Baseline valence and arousal ratings (at times t1 and t2) were analyzed by analyses of variance (ANOVAs) with repeated measures factor Time (t1, t2) and between factor Group (stress group, control group). Valence and arousal ratings after the stress intervention in the experimental group were analyzed by ANCOVAs with repeated measures factor Time (t3, t4), between factor Group, and valence and arousal ratings at t2 as covariates, respectively.
Visual analog symptom rating scale data as well as reaction times and performance in the DMS task were analyzed by an ANOVA with repeated measures factor Time (t2, t3) and between factor Group (stress group, control group).
Cortisol data were analyzed using an ANOVA with Group as fixed effect and Time as repeated measure (t1, t2, t3, t4). Participants' HSCL-D, PDS-Intrusion, PDS-Avoidance, and PDS-Hyperarousal scores were included as covariates but were excluded if they showed no significant influence. Baseline Cortisol (t1, t2) was investigated using repeated measures factor Time, cortisol reagibility to the stress intervention (t2, t3) was investigated by subtracting cortisol levels at t2 from levels at t3 and analyzing the difference as the dependent variable, and the post-stressor dynamics (t3, t4) were investigated by subtracting cortisol levels at t3 from levels at t4 and analyzing the difference as the dependent variable . One subject was excluded from the analysis of cortisol data at t3 and t4 because he became highly aggressive during the interview and appeared as an extreme outlier in cortisol levels.
Data were analyzed using SPSS 13.0. All analyses used mixed model AN(C)OVA, which is particularly suited for analysis of data with missing values . Subject was nested in Group and included as a random effect in all analyses.
Analysis of cortisol data
The ANOVA revealed a main effect of Time, F(3,75.38) = 4.31, p = .007, showing that cortisol values decreased in both groups over time with no significant difference between groups, interaction Time × Group, F(3,75.38) = .63, p = .60 (compare Figure 2).
The analysis of baseline cortisol (t1 and t2) revealed no significant differences between groups, F(1,31.02) = .002. However, there was a trend for a main effect of Time, F(1,29.46) = 3.88, p = .06, indicating lower cortisol values at t2 compared to t1. Covariates revealed no significant influence and were therefore not included in the ANOVA.

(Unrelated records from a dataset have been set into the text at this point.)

(* Let $n\ge1$, $\gamma>1$, $V_0>0$, $\rho\in(0,1/n)$, $\theta>1$, $t\in[0,n]$, $\vartheta\in(0,1)$, original qualities $\alpha_1>\dots>\alpha_n>0$, and let $h:[0,1]\to[1,\infty)$ be differentiable, increasing and concave with $h(0)=1$, $h(1)=\bar h>1$. Assume $n\frac{\gamma-1}{\gamma}<1$, $\bar h^{1/\gamma}>\frac1{1-n\rho}$, and $\frac{h'(x)}{\gamma h(x)}>\frac{n\rho}{1-n\rho x}$ for all $x\in[0,1]$. Let $V^*=\frac{\gamma-1}{n-(n-1)\gamma}V_0$. Consider the simultaneous game in which each seller $i$ chooses $x_i\in[0,1]$ to maximize $$\pi_i^p(x_i,x_{-i})=\frac{\gamma-1}{\gamma}\Big(\frac{\alpha_i h(x_i)}{V^*}\Big)^{1/\gamma}\Big[1-\rho\sum_{j=1}^n x_j\Big]\Big(1-\vartheta-\theta\frac{t}{n}x_i\Big).$$ Define $\tau_1=\frac{h'(0)}{\gamma}-\rho$ and $\tau_2=\Big[1+\Big(\frac{h'(1)}{\gamma\bar h}-\frac{\rho}{1-n\rho}\Big)^{-1}\Big]^{-1}$. Then $\tau_1>\tau_2>0$, and the sellers' equilibrium adulteration decisions are symmetric, $x_i^*=x^*$ for all $i$, where: (1) if $\theta\frac{t}{n}\ge\tau_1(1-\vartheta)$, then $x^*=0$; (2) if $\theta\frac{t}{n}\le\tau_2(1-\vartheta)$, then $x^*=1$; (3) otherwise $x^*=\hat x$, where $\hat x\in(0,1)$ is determined by the equation $$\Big(\frac{h'(x)}{\gamma h(x)}-\frac{\rho}{1-n\rho x}\Big)\Big(1-\vartheta-\theta\frac{t}{n}x\Big)=\theta\frac{t}{n}.$$
   Context: $\pi_i^p$ is seller $i$'s expected profit on an e-commerce platform under preemptive economically motivated adulteration (adulteration chosen before the common quality uncertainty is realized), after substituting equilibrium prices. $x_i$ is the amount of adulterant, $h$ the quality improvement it produces, $\rho$ consumers' quality consciousness, $\gamma$ price sensitivity, $V_0$ the outside option's quality-price ratio, $\vartheta$ the platform's take rate, $t$ the number of randomly inspected sellers, and $\theta$ the penalty intensity; $\theta t/n$ is the "overall penalty risk". *)

theory Defs
  imports "HOL-Analysis.Analysis"
begin

definition Vstar :: "nat \<Rightarrow> real \<Rightarrow> real \<Rightarrow> real" where
  "Vstar n \<gamma> V0 = (\<gamma> - 1) / (real n - (real n - 1) * \<gamma>) * V0"

definition profit ::
  "nat \<Rightarrow> real \<Rightarrow> real \<Rightarrow> real \<Rightarrow> real \<Rightarrow> real \<Rightarrow> real \<Rightarrow> (nat \<Rightarrow> real)
   \<Rightarrow> (real \<Rightarrow> real) \<Rightarrow> (nat \<Rightarrow> real) \<Rightarrow> nat \<Rightarrow> real" where
  "profit n \<gamma> V0 \<rho> \<phi> \<theta> t \<alpha> h x i =
     (\<gamma> - 1) / \<gamma> * (\<alpha> i * h (x i) / Vstar n \<gamma> V0) powr (1 / \<gamma>)
     * (1 - \<rho> * (\<Sum>j\<in>{1..n}. x j))
     * (1 - \<phi> - \<theta> * (t / real n) * x i)"

definition is_NE :: "nat \<Rightarrow> ((nat \<Rightarrow> real) \<Rightarrow> nat \<Rightarrow> real) \<Rightarrow> (nat \<Rightarrow> real) \<Rightarrow> bool" where
  "is_NE n u x \<longleftrightarrow>
     (\<forall>i\<in>{1..n}. x i \<in> {0..1}) \<and>
     (\<forall>i\<in>{1..n}. \<forall>y\<in>{0..1}. u (x(i := y)) i \<le> u x i)"

definition tau1 :: "real \<Rightarrow> real \<Rightarrow> (real \<Rightarrow> real) \<Rightarrow> real" where
  "tau1 \<gamma> \<rho> h' = h' 0 / \<gamma> - \<rho>"

definition tau2 :: "nat \<Rightarrow> real \<Rightarrow> real \<Rightarrow> real \<Rightarrow> (real \<Rightarrow> real) \<Rightarrow> real" where
  "tau2 n \<gamma> \<rho> hbar h' =
     inverse (1 + inverse (h' 1 / (\<gamma> * hbar) - \<rho> / (1 - real n * \<rho>)))"

end

theory Submission
  imports Defs
begin
(* Let $(a,b,c)$ be a primitive Pythagorean triple (positive integers with $a^2+b^2=c^2$, $\gcd(a,b,c)=1$) with $b$ even, and let $r$ be an integer such that: (1) $r>1$ and $r$ is not prime; (2) every prime $p\mid r$ satisfies $p\equiv 1 \pmod 4$; (3) $\gcd(r,a)=\gcd(r,b)=1$. Then the equation \[a^{2}x^{2}+b^{2}y^{2}-c^{2}r^{2}z^{2}=0\] (in variables $x,y,z$) has solutions in $\mathbb R^{+}$ and in $\mathbb Z_{p}^{\times}$ for all primes $p$. Let $\mathcal{P}=\{\text{prime numbers}\}\cup \{1\}$. Then there exists an effective constant $C(a,b,c)$ such that if $x,y\in \mathcal{P}$ and $z\in \mathbb Z$ is a solution of this equation, then $z\le C(a,b,c)/r$. Hence if $r>C(a,b,c)$ the equation has no such solutions, hence no solutions in primes, and so does not satisfy the prime Hasse principle.
   Context: A solution "in $\mathbb R^+$" (resp. "in $\mathbb Z_p^\times$") means one with all variables in $\{x\in\mathbb R:x>0\}$ (resp. in $\{x\in\mathbb Q_p:|x|_p=1\}$). The prime Hasse principle for a system of homogeneous integer polynomial equations: if it has a solution with all variables in $\mathbb R^+$ and, for each prime $p$, one with all variables in $\mathbb Z_p^\times$, then it has a solution in integers with all variables prime. *)

theory Defs
  imports "HOL-Number_Theory.Number_Theory"
begin

text \<open>A p-adic integer is represented, as in the inverse-limit definition
  Z_p = lim Z/p^k, by a compatible sequence of integer representatives:
  X k is a representative modulo p^k and X (k+1) = X k (mod p^k).
  It is a unit iff p does not divide X 1.  For a polynomial F with integer
  coefficients, F vanishes at the limit point iff F (X k, Y k, Z k) = 0 mod p^k
  for all k.\<close>

definition padic_int_seq :: "int \<Rightarrow> (nat \<Rightarrow> int) \<Rightarrow> bool" where
  "padic_int_seq p X \<longleftrightarrow> (\<forall>k. [X (Suc k) = X k] (mod p ^ k))"

definition padic_unit_seq :: "int \<Rightarrow> (nat \<Rightarrow> int) \<Rightarrow> bool" where
  "padic_unit_seq p X \<longleftrightarrow> padic_int_seq p X \<and> \<not> p dvd X 1"

definition Zp_unit_solvable :: "int \<Rightarrow> (int \<Rightarrow> int \<Rightarrow> int \<Rightarrow> int) \<Rightarrow> bool" where
  "Zp_unit_solvable p F \<longleftrightarrow>
     (\<exists>X Y Z. padic_unit_seq p X \<and> padic_unit_seq p Y \<and> padic_unit_seq p Z \<and>
        (\<forall>k. p ^ k dvd F (X k) (Y k) (Z k)))"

The analysis of cortisol reagibility in response to the stressor (cortisol level at t2 subtracted from cortisol level at t3) revealed also no effect of Group, F(1,27) = 1.79, p = .19. Again, covariates revealed no significant influence and were therefore not included in the ANOVA. The correlations of differences in cortisol (t3-t2) with differences in scores (t3-t2) in visual analog symptom rating scales also revealed no significant effects.
Furthermore, the analysis of cortisol dynamics after the stressor (cortisol level at t3 subtracted from cortisol level at t4) revealed no main effect of Group, F(1,26) = .27, p = .61, or significant influence of covariates.
Analysis of valence and arousal data
Repeated measures ANOVA for valence ratings at t1 and t2 revealed no main effect of Group, F(1,31) = .02, p = .89, as well as no interaction of Group × Time, F(1,31) = .11, p = .75. However, there was a main effect of Time, F(1,31) = 4.64, p = .04, indicating that valence ratings were more positive at t2 than t1 (compare Table 2). Repeated measures ANOVA for arousal ratings at t1 and t2 revealed no main effects of Group, F(1,31) = .34, p = .57, or Time, F(1,31) = .35, p = .56, or interaction of Group × Time, F(1,31) = .06, p = .80.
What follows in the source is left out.